* **WHAT TO PRODUCE**: Each line below from the one containing "real) \<Rightarrow> (('a" through the one containing "(\<forall>p q. p" is to be given again exactly, and no line outside that span.

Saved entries
(* Let $(X,d)$ be a pointed metric space, let $((x_i,y_i))_{i\in I}$ be a Lipschitz interpolating family in $\widetilde X$ for $\mathrm{Lip}_0(X)$ with Lipschitz interpolation constant $M$, let $T:\mathrm{Lip}_0(X)\to\ell_\infty(I)$ be its Lipschitz interpolating operator, and let $S:\ell_1(I)\to\mathcal F(X)$ be $S(\lambda)=\sum_{i\in I}\lambda_i m_{x_i,y_i}$. The following statements are equivalent: (i) There exists a Beurling set $(f_i)_{i\in I}$ of functions in $\mathrm{Lip}_0(X)$ for $((x_i,y_i))_{i\in I}$. (ii) There exists a bounded linear operator $R:\ell_\infty(I)\to\mathrm{Lip}_0(X)$ which is weak*-to-weak* continuous, with $\|R\|=M$ and $T\circ R=\mathrm{Id}_{\ell_\infty(I)}$. (iii) There exists a bounded linear operator $P:\mathcal F(X)\to\ell_1(I)$ with $\|P\|=M$ and $P\circ S=\mathrm{Id}_{\ell_1(I)}$. (iv) There exists a Lipschitz map $f:X\to\ell_1(I)$ with $f(0)=0$, Lipschitz constant $\|f\|=M$, and $\dfrac{f(x_i)-f(y_i)}{d(x_i,y_i)}=e_i$ for all $i\in I$. (v) There exists a bounded linear operator $R_0:c_0(I)\to\mathrm{Lip}_0(X)$ with $\|R_0\|\leq M$ and $T\circ R_0=\mathrm{Id}_{c_0(I)}$.
   Context: All spaces are real. $(X,d)$ is a metric space with base point $0$, $\widetilde{X}=\{(x,y)\in X\times X: x\neq y\}$. $\mathrm{Lip}_0(X)$ is the Banach space of Lipschitz $f:X\to\mathbb{R}$ with $f(0)=0$, normed by $\|f\|=\sup_{(x,y)\in\widetilde X}|f(x)-f(y)|/d(x,y)$; similarly for Banach-space-valued maps with $\|\cdot\|$ in place of $|\cdot|$. For $x\in X$, $\delta_x\in\mathrm{Lip}_0(X)^*$ is $\delta_x(f)=f(x)$; the Lipschitz-free space $\mathcal F(X)$ is the closed linear span of $\{\delta_x\}$ in $\mathrm{Lip}_0(X)^*$, and $\mathrm{Lip}_0(X)$ is identified with $\mathcal F(X)^*$ (weak* topology accordingly); $\ell_\infty(I)=\ell_1(I)^*$. For $(x,y)\in\widetilde X$, $m_{x,y}=(\delta_x-\delta_y)/d(x,y)$. $e_i$ are the unit vectors of $\ell_1(I)$. For a family $((x_i,y_i))_{i\in I}$ in $\widetilde X$, $T(f)=\big((f(x_i)-f(y_i))/d(x_i,y_i)\big)_{i\in I}$; the family is Lipschitz interpolating for $\mathrm{Lip}_0(X)$ if $T:\mathrm{Lip}_0(X)\to\ell_\infty(I)$ is surjective, and then its Lipschitz interpolation constant is $M=\inf\{K\geq 1: \forall \alpha\in\ell_\infty(I), \|\alpha\|_\infty\le1,\ \exists f\in\mathrm{Lip}_0(X),\ \|f\|\le K,\ T(f)=\alpha\}$ (note $T$ maps $\mathrm{Lip}_0(X)$ into $\ell_\infty(I)\supseteq c_0(I)$). A Beurling set of functions in $\mathrm{Lip}_0(X)$ for such a family is a family $(f_i)_{i\in I}$ of functions $f_i:X\to\mathbb R$ with $f_i(0)=0$, $(f_i(x_j)-f_i(y_j))/d(x_j,y_j)=\delta_{ij}$ for all $i,j\in I$, and $\sup_{(x,y)\in\widetilde X}\sum_{i\in I}|f_i(x)-f_i(y)|/d(x,y)\leq M$. *)

theory Defs
  imports "HOL-Analysis.Analysis"
begin

text \<open>All spaces are real function spaces.  X is the metric-space type 'a with base point x0,
  the index set I is the type 'i.\<close>

definition lip_const :: "('b \<Rightarrow> real) \<Rightarrow> ('a::metric_space \<Rightarrow> 'b) \<Rightarrow> ('b \<Rightarrow> 'b \<Rightarrow> 'b) \<Rightarrow> real" where
  "lip_const N f sub = Sup (insert 0 {N (sub (f p) (f q)) / dist p q | p q. p \<noteq> q})"

definition lipnorm :: "('a::metric_space \<Rightarrow> real) \<Rightarrow> real" where
  "lipnorm f = Sup (insert 0 {\<bar>f p - f q\<bar> / dist p q | p q. p \<noteq> q})"

definition Lip0 :: "'a::metric_space \<Rightarrow> ('a \<Rightarrow> real) set" where
  "Lip0 x0 = {f. f x0 = 0 \<and> (\<exists>K. \<forall>p q. \<bar>f p - f q\<bar> \<le> K * dist p q)}"

definition ell_inf :: "('i \<Rightarrow> real) set" where
  "ell_inf = {\<alpha>. \<exists>K. \<forall>i. \<bar>\<alpha> i\<bar> \<le> K}"

definition linf_norm :: "('i \<Rightarrow> real) \<Rightarrow> real" where
  "linf_norm \<alpha> = Sup (insert 0 (range (\<lambda>i. \<bar>\<alpha> i\<bar>)))"

definition ell_1 :: "('i \<Rightarrow> real) set" where
  "ell_1 = {\<mu>. (\<lambda>i. \<bar>\<mu> i\<bar>) summable_on UNIV}"

definition l1_norm :: "('i \<Rightarrow> real) \<Rightarrow> real" where
  "l1_norm \<mu> = (\<Sum>\<^sub>\<infinity>i. \<bar>\<mu> i\<bar>)"

definition c_0 :: "('i \<Rightarrow> real) set" where
  "c_0 = {\<alpha>. \<forall>\<epsilon>>0. finite {i. \<epsilon> \<le> \<bar>\<alpha> i\<bar>}}"

text \<open>Elements of Lip_0(X)^* are represented as functionals on 'a \<Rightarrow> real that vanish outside Lip_0(X).\<close>
definition delta :: "'a::metric_space \<Rightarrow> 'a \<Rightarrow> (('a \<Rightarrow> real) \<Rightarrow> real)" where
  "delta x0 p = (\<lambda>f. if f \<in> Lip0 x0 then f p else 0)"

definition mol :: "'a::metric_space \<Rightarrow> 'a \<Rightarrow> 'a \<Rightarrow> (('a \<Rightarrow> real) \<Rightarrow> real)" where
  "mol x0 p q = (\<lambda>f. (delta x0 p f - delta x0 q f) / dist p q)"

definition dual_norm :: "'a::metric_space \<Rightarrow> (('a \<Rightarrow> real) \<Rightarrow> real) \<Rightarrow> real" where
  "dual_norm x0 \<phi> = Sup (insert 0 {\<bar>\<phi> f\<bar> | f. f \<in> Lip0 x0 \<and> lipnorm f \<le> 1})"

definition delta_span :: "'a::metric_space \<Rightarrow> (('a \<Rightarrow> real) \<Rightarrow> real) set" where
  "delta_span x0 = {(\<lambda>f. \<Sum>p\<in>A. c p * delta x0 p f) | A c. finite A}"

text \<open>Lipschitz-free space: norm closure of delta_span in Lip_0(X)^*.\<close>
definition free_space :: "'a::metric_space \<Rightarrow> (('a \<Rightarrow> real) \<Rightarrow> real) set" where
  "free_space x0 = {\<phi>. (\<forall>f. f \<notin> Lip0 x0 \<longrightarrow> \<phi> f = 0) \<and>
     (\<forall>\<epsilon>>0. \<exists>\<psi>\<in>delta_span x0. \<forall>f\<in>Lip0 x0. \<bar>\<phi> f - \<psi> f\<bar> \<le> \<epsilon> * lipnorm f)}"

definition interp_op :: "('i \<Rightarrow> 'a::metric_space) \<Rightarrow> ('i \<Rightarrow> 'a) \<Rightarrow> ('a \<Rightarrow> real) \<Rightarrow> ('i \<Rightarrow> real)" where
  "interp_op x y f = (\<lambda>i. (f (x i) - f (y i)) / dist (x i) (y i))"

definition synth_op :: "'a::metric_space \<Rightarrow> ('i \<Rightarrow> 'a) \<Rightarrow> ('i \<Rightarrow> 'a) \<Rightarrow> ('i \<Rightarrow> real) \<Rightarrow> (('a \<Rightarrow> real) \<Rightarrow> real)" where
  "synth_op x0 x y \<mu> = (\<lambda>f. \<Sum>\<^sub>\<infinity>i. \<mu> i * mol x0 (x i) (y i) f)"

definition lip_interpolating :: "'a::metric_space \<Rightarrow> ('i \<Rightarrow> 'a) \<Rightarrow> ('i \<Rightarrow> 'a) \<Rightarrow> bool" where
  "lip_interpolating x0 x y \<longleftrightarrow> (\<forall>i. x i \<noteq> y i) \<and>
     (\<forall>\<alpha>\<in>ell_inf. \<exists>f\<in>Lip0 x0. interp_op x y f = \<alpha>)"

definition interp_const :: "'a::metric_space \<Rightarrow> ('i \<Rightarrow> 'a) \<Rightarrow> ('i \<Rightarrow> 'a) \<Rightarrow> real" where
  "interp_const x0 x y = Inf {K. 1 \<le> K \<and> (\<forall>\<alpha>\<in>ell_inf. linf_norm \<alpha> \<le> 1 \<longrightarrow>
       (\<exists>f\<in>Lip0 x0. lipnorm f \<le> K \<and> interp_op x y f = \<alpha>))}"

definition beurling_set :: "'a::metric_space \<Rightarrow> ('i \<Rightarrow> 'a) \<Rightarrow> ('i \<Rightarrow> 'a) \<Rightarrow> real \<Rightarrow> ('i \<Rightarrow> 'a \<Rightarrow> real) \<Rightarrow> bool" where
  "beurling_set x0 x y M F \<longleftrightarrow> (\<forall>i. F i x0 = 0) \<and>
     (\<forall>i j. (F i (x j) - F i (y j)) / dist (x j) (y j) = (if i = j then 1 else 0)) \<and>
     (\<forall>p q. p \<noteq> q \<longrightarrow> (\<lambda>i. \<bar>F i p - F i q\<bar> / dist p q) summable_on UNIV \<and>
        (\<Sum>\<^sub>\<infinity>i. \<bar>F i p - F i q\<bar> / dist p q) \<le> M)"

definition linear_on :: "('b \<Rightarrow> real) set \<Rightarrow> (('b \<Rightarrow> real) \<Rightarrow> ('c \<Rightarrow> real)) \<Rightarrow> bool" where
  "linear_on A L \<longleftrightarrow> (\<forall>a b. \<forall>u\<in>A. \<forall>v\<in>A. L (\<lambda>s. a * u s + b * v s) = (\<lambda>t. a * L u t + b * L v t))"

definition bounded_on :: "'b set \<Rightarrow> ('b \<Rightarrow> real) \<Rightarrow> ('c \<Rightarrow> real) \<Rightarrow> ('b \<Rightarrow> 'c) \<Rightarrow> bool" where
  "bounded_on A nA nB L \<longleftrightarrow> (\<exists>K. \<forall>u\<in>A. nB (L u) \<le> K * nA u)"

definition opnorm_on :: "'b set \<Rightarrow> ('b \<Rightarrow> real) \<Rightarrow> ('c \<Rightarrow> real) \<Rightarrow> ('b \<Rightarrow> 'c) \<Rightarrow> real" where
  "opnorm_on A nA nB L = Sup (insert 0 ((\<lambda>u. nB (L u) / nA u) ` A))"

* **SOLUTION FOR THIS EXERCISE**:
definition synth_op :: "'a::metric_space \<Rightarrow> ('i \<Rightarrow> 'a) \<Rightarrow> ('i \<Rightarrow> 'a) \<Rightarrow> ('i \<Rightarrow> real) \<Rightarrow> (('a \<Rightarrow> real) \<Rightarrow> real)" where
  "synth_op x0 x y \<mu> = (\<lambda>f. \<Sum>\<^sub>\<infinity>i. \<mu> i * mol x0 (x i) (y i) f)"

definition lip_interpolating :: "'a::metric_space \<Rightarrow> ('i \<Rightarrow> 'a) \<Rightarrow> ('i \<Rightarrow> 'a) \<Rightarrow> bool" where
  "lip_interpolating x0 x y \<longleftrightarrow> (\<forall>i. x i \<noteq> y i) \<and>
     (\<forall>\<alpha>\<in>ell_inf. \<exists>f\<in>Lip0 x0. interp_op x y f = \<alpha>)"

definition interp_const :: "'a::metric_space \<Rightarrow> ('i \<Rightarrow> 'a) \<Rightarrow> ('i \<Rightarrow> 'a) \<Rightarrow> real" where
  "interp_const x0 x y = Inf {K. 1 \<le> K \<and> (\<forall>\<alpha>\<in>ell_inf. linf_norm \<alpha> \<le> 1 \<longrightarrow>
       (\<exists>f\<in>Lip0 x0. lipnorm f \<le> K \<and> interp_op x y f = \<alpha>))}"

definition beurling_set :: "'a::metric_space \<Rightarrow> ('i \<Rightarrow> 'a) \<Rightarrow> ('i \<Rightarrow> 'a) \<Rightarrow> real \<Rightarrow> ('i \<Rightarrow> 'a \<Rightarrow> real) \<Rightarrow> bool" where
  "beurling_set x0 x y M F \<longleftrightarrow> (\<forall>i. F i x0 = 0) \<and>
     (\<forall>i j. (F i (x j) - F i (y j)) / dist (x j) (y j) = (if i = j then 1 else 0)) \<and>
     (\<forall>p q. p \<noteq> q \<longrightarrow> (\<lambda>i. \<bar>F i p - F i q\<bar> / dist p q) summable_on UNIV \<and>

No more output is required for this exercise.